lemma eigenspace_scale:
  assumes "v \<in> eigenspace V M e"
  shows "(\<lambda>x. c * v x) \<in> eigenspace V M e"
  using assms unfolding eigenspace_def supported_def by (simp add: mvec_scale)

lemma sesq_hermitian:
  assumes "hermitian_on V M"
  shows "sesq V M u w = cnj (sesq V M w u)"
proof -
  have "sesq V M u w = (\<Sum>x\<in>V. \<Sum>y\<in>V. cnj (u x) * M x y * w y)"
    unfolding sesq_def cinner_def mvec_def by (simp add: sum_distrib_left mult.assoc)
  also have "\<dots> = (\<Sum>y\<in>V. \<Sum>x\<in>V. cnj (u x) * M x y * w y)"
    by (rule sum.swap)
  also have "\<dots> = (\<Sum>y\<in>V. \<Sum>x\<in>V. cnj (cnj (w y) * M y x * u x))"
  proof (intro sum.cong refl)
    fix x y assume "x \<in> V" "y \<in> V"
    then have "M x y = cnj (M y x)" using assms unfolding hermitian_on_def by blast
    then show "cnj (u x) * M x y * w y = cnj (cnj (w y) * M y x * u x)" by (simp add: ac_simps)
  qed
  also have "\<dots> = cnj (sesq V M w u)"
    unfolding sesq_def cinner_def mvec_def by (simp add: sum_distrib_left mult.assoc)
  finally show ?thesis .
qed

lemma qform_add_scaled:
  "qform V M (\<lambda>x. v x + c * w x)
     = qform V M v + c * sesq V M v w + cnj c * sesq V M w v + cnj c * c * qform V M w"
proof -
  have inner: "(\<Sum>y\<in>V. M x y * (v y + c * w y)) = (\<Sum>y\<in>V. M x y * v y) + c * (\<Sum>y\<in>V. M x y * w y)" for x
    by (simp add: distrib_left sum.distrib sum_distrib_left ac_simps)
  show ?thesis
    unfolding qform_def sesq_def cinner_def mvec_def inner
    by (simp add: algebra_simps sum.distrib sum_distrib_left)
qed

lemma nonneg_quadratic_imp_linear_coeff_zero:
  fixes a b :: real
  assumes "\<forall>t. 0 \<le> 2 * t * a + t\<^sup>2 * b" "0 \<le> a"
  shows "a = 0"
proof (rule ccontr)
  assume "a \<noteq> 0"
  with assms(2) have a: "a > 0" by simp
  show False
  proof (cases "b \<le> 0")
    case True
    have "0 \<le> 2 * (-1) * a + (-1)\<^sup>2 * b" using assms(1) by blast
    with a True show False by simp
  next
    case False
    have "0 \<le> 2 * (-a/b) * a + (-a/b)\<^sup>2 * b" using assms(1) by blast
    also have "\<dots> = - (a\<^sup>2 / b)" using False by (simp add: power2_eq_square field_simps)
    finally show False using a False by (simp add: divide_le_0_iff)
  qed
qed

text \<open>A positive semidefinite form vanishes at v only on the kernel: perturb v by real multiples of Mv.\<close>

lemma psd_qform_zero_imp_mvec_zero:
  assumes fin: "finite V" and herm: "hermitian_on V M"
    and psd: "\<And>u. supported V u \<Longrightarrow> 0 \<le> Re (qform V M u)"
    and v: "supported V v" and zero: "Re (qform V M v) = 0"
  shows "\<forall>x\<in>V. mvec V M v x = 0"
proof -
  define w where "w = (\<lambda>x. if x \<in> V then mvec V M v x else 0)"
  define r where "r = sqnorm V (mvec V M v)"
  have wv: "sesq V M w v = of_real r"
    unfolding r_def cinner_self_eq_sqnorm[symmetric] sesq_def cinner_def w_def by (rule sum.cong) auto
  have vw: "sesq V M v w = of_real r"
    using sesq_hermitian[OF herm, of v w] wv by simp
  have "\<forall>t. 0 \<le> 2 * t * r + t\<^sup>2 * Re (qform V M w)"
  proof
    fix t :: real
    have "supported V (\<lambda>x. v x + of_real t * w x)"
      using v unfolding supported_def w_def by auto
    then have "0 \<le> Re (qform V M (\<lambda>x. v x + of_real t * w x))" by (rule psd)
    also have "\<dots> = 2 * t * r + t\<^sup>2 * Re (qform V M w)"
      unfolding qform_add_scaled wv vw using zero by (simp add: power2_eq_square)
    finally show "0 \<le> 2 * t * r + t\<^sup>2 * Re (qform V M w)" .
  qed
  then have "r = 0"
    using nonneg_quadratic_imp_linear_coeff_zero sqnorm_nonneg unfolding r_def by blast
  then show ?thesis
    using sqnorm_eq_0_imp_zero[OF fin] unfolding r_def by blast
qed

lemma qform_attains_min_on_sphere:
  fixes V :: "'v set" and M :: "'v \<Rightarrow> 'v \<Rightarrow> complex"
  assumes fin: "finite V" and ne: "V \<noteq> {}"
  shows "\<exists>v0. supported V v0 \<and> sqnorm V v0 = 1 \<and>
     (\<forall>u. supported V u \<and> sqnorm V u = 1 \<longrightarrow> Re (qform V M v0) \<le> Re (qform V M u))"
proof -
  define B where "B = (\<lambda>x::'v. if x \<in> V then cball (0::complex) 1 else {0})"
  define K where "K = PiE UNIV B \<inter> {v. sqnorm V v = 1}"
  have "compactin (product_topology (\<lambda>i. euclidean) UNIV) (PiE UNIV B)"
    unfolding compactin_PiE B_def by auto
  moreover have "closed {v::'v\<Rightarrow>complex. sqnorm V v = 1}"
    unfolding sqnorm_def by (intro closed_Collect_eq continuous_intros) auto
  ultimately have compact: "compact K"
    unfolding K_def by (auto simp: euclidean_product_topology)
  have in_K: "u \<in> K" if "supported V u" "sqnorm V u = 1" for u
  proof -
    have "cmod (u x) \<le> 1" if "x \<in> V" for x
    proof -
      have "(cmod (u x))\<^sup>2 \<le> sqnorm V u"
        unfolding sqnorm_def by (rule member_le_sum) (use that fin in auto)
      with \<open>sqnorm V u = 1\<close> show ?thesis by (simp add: power_le_one_iff abs_square_le_1)
    qed
    then show ?thesis
      using that unfolding K_def B_def supported_def by (auto simp: PiE_iff)
  qed
  obtain x0 where x0: "x0 \<in> V" using ne by auto
  have "sqnorm V (\<lambda>x. if x = x0 then 1 else 0) = (\<Sum>x\<in>V. if x = x0 then 1 else 0)"
    unfolding sqnorm_def by (rule sum.cong) auto
  then have "supported V (\<lambda>x. if x = x0 then 1 else 0)" "sqnorm V (\<lambda>x. if x = x0 then 1 else 0) = 1"
    using x0 fin unfolding supported_def by auto
  then have "K \<noteq> {}" using in_K by blast
  moreover have "continuous_on K (\<lambda>v. Re (qform V M v))"
    unfolding qform_def cinner_def mvec_def
    by (intro continuous_intros) (auto intro: continuous_on_subset[OF continuous_on_product_coordinates])
  ultimately obtain v0 where v0: "v0 \<in> K" and min: "\<forall>u\<in>K. Re (qform V M v0) \<le> Re (qform V M u)"
    using continuous_attains_inf[OF compact] by blast
  have "supported V v0"
    using v0 unfolding K_def B_def supported_def by (auto simp: PiE_iff split: if_splits)
  with v0 min in_K show ?thesis unfolding K_def by blast
qed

TASK DETAILS => Every record listed above needs to be written out again exactly.

FINISHED TASK =>
lemma eigenspace_scale:
  assumes "v \<in> eigenspace V M e"
  shows "(\<lambda>x. c * v x) \<in> eigenspace V M e"
  using assms unfolding eigenspace_def supported_def by (simp add: mvec_scale)

lemma sesq_hermitian:
  assumes "hermitian_on V M"
  shows "sesq V M u w = cnj (sesq V M w u)"
proof -
  have "sesq V M u w = (\<Sum>x\<in>V. \<Sum>y\<in>V. cnj (u x) * M x y * w y)"
    unfolding sesq_def cinner_def mvec_def by (simp add: sum_distrib_left mult.assoc)
  also have "\<dots> = (\<Sum>y\<in>V. \<Sum>x\<in>V. cnj (u x) * M x y * w y)"
    by (rule sum.swap)
  also have "\<dots> = (\<Sum>y\<in>V. \<Sum>x\<in>V. cnj (cnj (w y) * M y x * u x))"
  proof (intro sum.cong refl)
    fix x y assume "x \<in> V" "y \<in> V"
    then have "M x y = cnj (M y x)" using assms unfolding hermitian_on_def by blast
    then show "cnj (u x) * M x y * w y = cnj (cnj (w y) * M y x * u x)" by (simp add: ac_simps)
  qed
  also have "\<dots> = cnj (sesq V M w u)"
    unfolding sesq_def cinner_def mvec_def by (simp add: sum_distrib_left mult.assoc)
  finally show ?thesis .
qed

lemma qform_add_scaled:
  "qform V M (\<lambda>x. v x + c * w x)
     = qform V M v + c * sesq V M v w + cnj c * sesq V M w v + cnj c * c * qform V M w"
proof -
  have inner: "(\<Sum>y\<in>V. M x y * (v y + c * w y)) = (\<Sum>y\<in>V. M x y * v y) + c * (\<Sum>y\<in>V. M x y * w y)" for x
    by (simp add: distrib_left sum.distrib sum_distrib_left ac_simps)
  show ?thesis
    unfolding qform_def sesq_def cinner_def mvec_def inner
    by (simp add: algebra_simps sum.distrib sum_distrib_left)
qed

lemma nonneg_quadratic_imp_linear_coeff_zero:
  fixes a b :: real
  assumes "\<forall>t. 0 \<le> 2 * t * a + t\<^sup>2 * b" "0 \<le> a"
  shows "a = 0"
proof (rule ccontr)
  assume "a \<noteq> 0"
  with assms(2) have a: "a > 0" by simp
  show False
  proof (cases "b \<le> 0")
    case True
    have "0 \<le> 2 * (-1) * a + (-1)\<^sup>2 * b" using assms(1) by blast
    with a True show False by simp
  next
    case False
    have "0 \<le> 2 * (-a/b) * a + (-a/b)\<^sup>2 * b" using assms(1) by blast
    also have "\<dots> = - (a\<^sup>2 / b)" using False by (simp add: power2_eq_square field_simps)
    finally show False using a False by (simp add: divide_le_0_iff)
  qed
qed

text \<open>A positive semidefinite form vanishes at v only on the kernel: perturb v by real multiples of Mv.\<close>

lemma psd_qform_zero_imp_mvec_zero:
  assumes fin: "finite V" and herm: "hermitian_on V M"
    and psd: "\<And>u. supported V u \<Longrightarrow> 0 \<le> Re (qform V M u)"
    and v: "supported V v" and zero: "Re (qform V M v) = 0"
  shows "\<forall>x\<in>V. mvec V M v x = 0"
proof -
  define w where "w = (\<lambda>x. if x \<in> V then mvec V M v x else 0)"
  define r where "r = sqnorm V (mvec V M v)"
  have wv: "sesq V M w v = of_real r"
    unfolding r_def cinner_self_eq_sqnorm[symmetric] sesq_def cinner_def w_def by (rule sum.cong) auto
  have vw: "sesq V M v w = of_real r"
    using sesq_hermitian[OF herm, of v w] wv by simp
  have "\<forall>t. 0 \<le> 2 * t * r + t\<^sup>2 * Re (qform V M w)"
  proof
    fix t :: real
    have "supported V (\<lambda>x. v x + of_real t * w x)"
      using v unfolding supported_def w_def by auto
    then have "0 \<le> Re (qform V M (\<lambda>x. v x + of_real t * w x))" by (rule psd)
    also have "\<dots> = 2 * t * r + t\<^sup>2 * Re (qform V M w)"
      unfolding qform_add_scaled wv vw using zero by (simp add: power2_eq_square)
    finally show "0 \<le> 2 * t * r + t\<^sup>2 * Re (qform V M w)" .
  qed
  then have "r = 0"
    using nonneg_quadratic_imp_linear_coeff_zero sqnorm_nonneg unfolding r_def by blast
  then show ?thesis
    using sqnorm_eq_0_imp_zero[OF fin] unfolding r_def by blast
qed

lemma qform_attains_min_on_sphere:
  fixes V :: "'v set" and M :: "'v \<Rightarrow> 'v \<Rightarrow> complex"
  assumes fin: "finite V" and ne: "V \<noteq> {}"
  shows "\<exists>v0. supported V v0 \<and> sqnorm V v0 = 1 \<and>
     (\<forall>u. supported V u \<and> sqnorm V u = 1 \<longrightarrow> Re (qform V M v0) \<le> Re (qform V M u))"
proof -
  define B where "B = (\<lambda>x::'v. if x \<in> V then cball (0::complex) 1 else {0})"
  define K where "K = PiE UNIV B \<inter> {v. sqnorm V v = 1}"
  have "compactin (product_topology (\<lambda>i. euclidean) UNIV) (PiE UNIV B)"
    unfolding compactin_PiE B_def by auto
  moreover have "closed {v::'v\<Rightarrow>complex. sqnorm V v = 1}"
    unfolding sqnorm_def by (intro closed_Collect_eq continuous_intros) auto
  ultimately have compact: "compact K"
    unfolding K_def by (auto simp: euclidean_product_topology)
  have in_K: "u \<in> K" if "supported V u" "sqnorm V u = 1" for u
  proof -
    have "cmod (u x) \<le> 1" if "x \<in> V" for x
    proof -
      have "(cmod (u x))\<^sup>2 \<le> sqnorm V u"
        unfolding sqnorm_def by (rule member_le_sum) (use that fin in auto)
      with \<open>sqnorm V u = 1\<close> show ?thesis by (simp add: power_le_one_iff abs_square_le_1)
    qed
    then show ?thesis
      using that unfolding K_def B_def supported_def by (auto simp: PiE_iff)
  qed
  obtain x0 where x0: "x0 \<in> V" using ne by auto
  have "sqnorm V (\<lambda>x. if x = x0 then 1 else 0) = (\<Sum>x\<in>V. if x = x0 then 1 else 0)"
    unfolding sqnorm_def by (rule sum.cong) auto
  then have "supported V (\<lambda>x. if x = x0 then 1 else 0)" "sqnorm V (\<lambda>x. if x = x0 then 1 else 0) = 1"
    using x0 fin unfolding supported_def by auto
  then have "K \<noteq> {}" using in_K by blast
  moreover have "continuous_on K (\<lambda>v. Re (qform V M v))"
    unfolding qform_def cinner_def mvec_def
    by (intro continuous_intros) (auto intro: continuous_on_subset[OF continuous_on_product_coordinates])
  ultimately obtain v0 where v0: "v0 \<in> K" and min: "\<forall>u\<in>K. Re (qform V M v0) \<le> Re (qform V M u)"
    using continuous_attains_inf[OF compact] by blast
  have "supported V v0"
    using v0 unfolding K_def B_def supported_def by (auto simp: PiE_iff split: if_splits)
  with v0 min in_K show ?thesis unfolding K_def by blast
qed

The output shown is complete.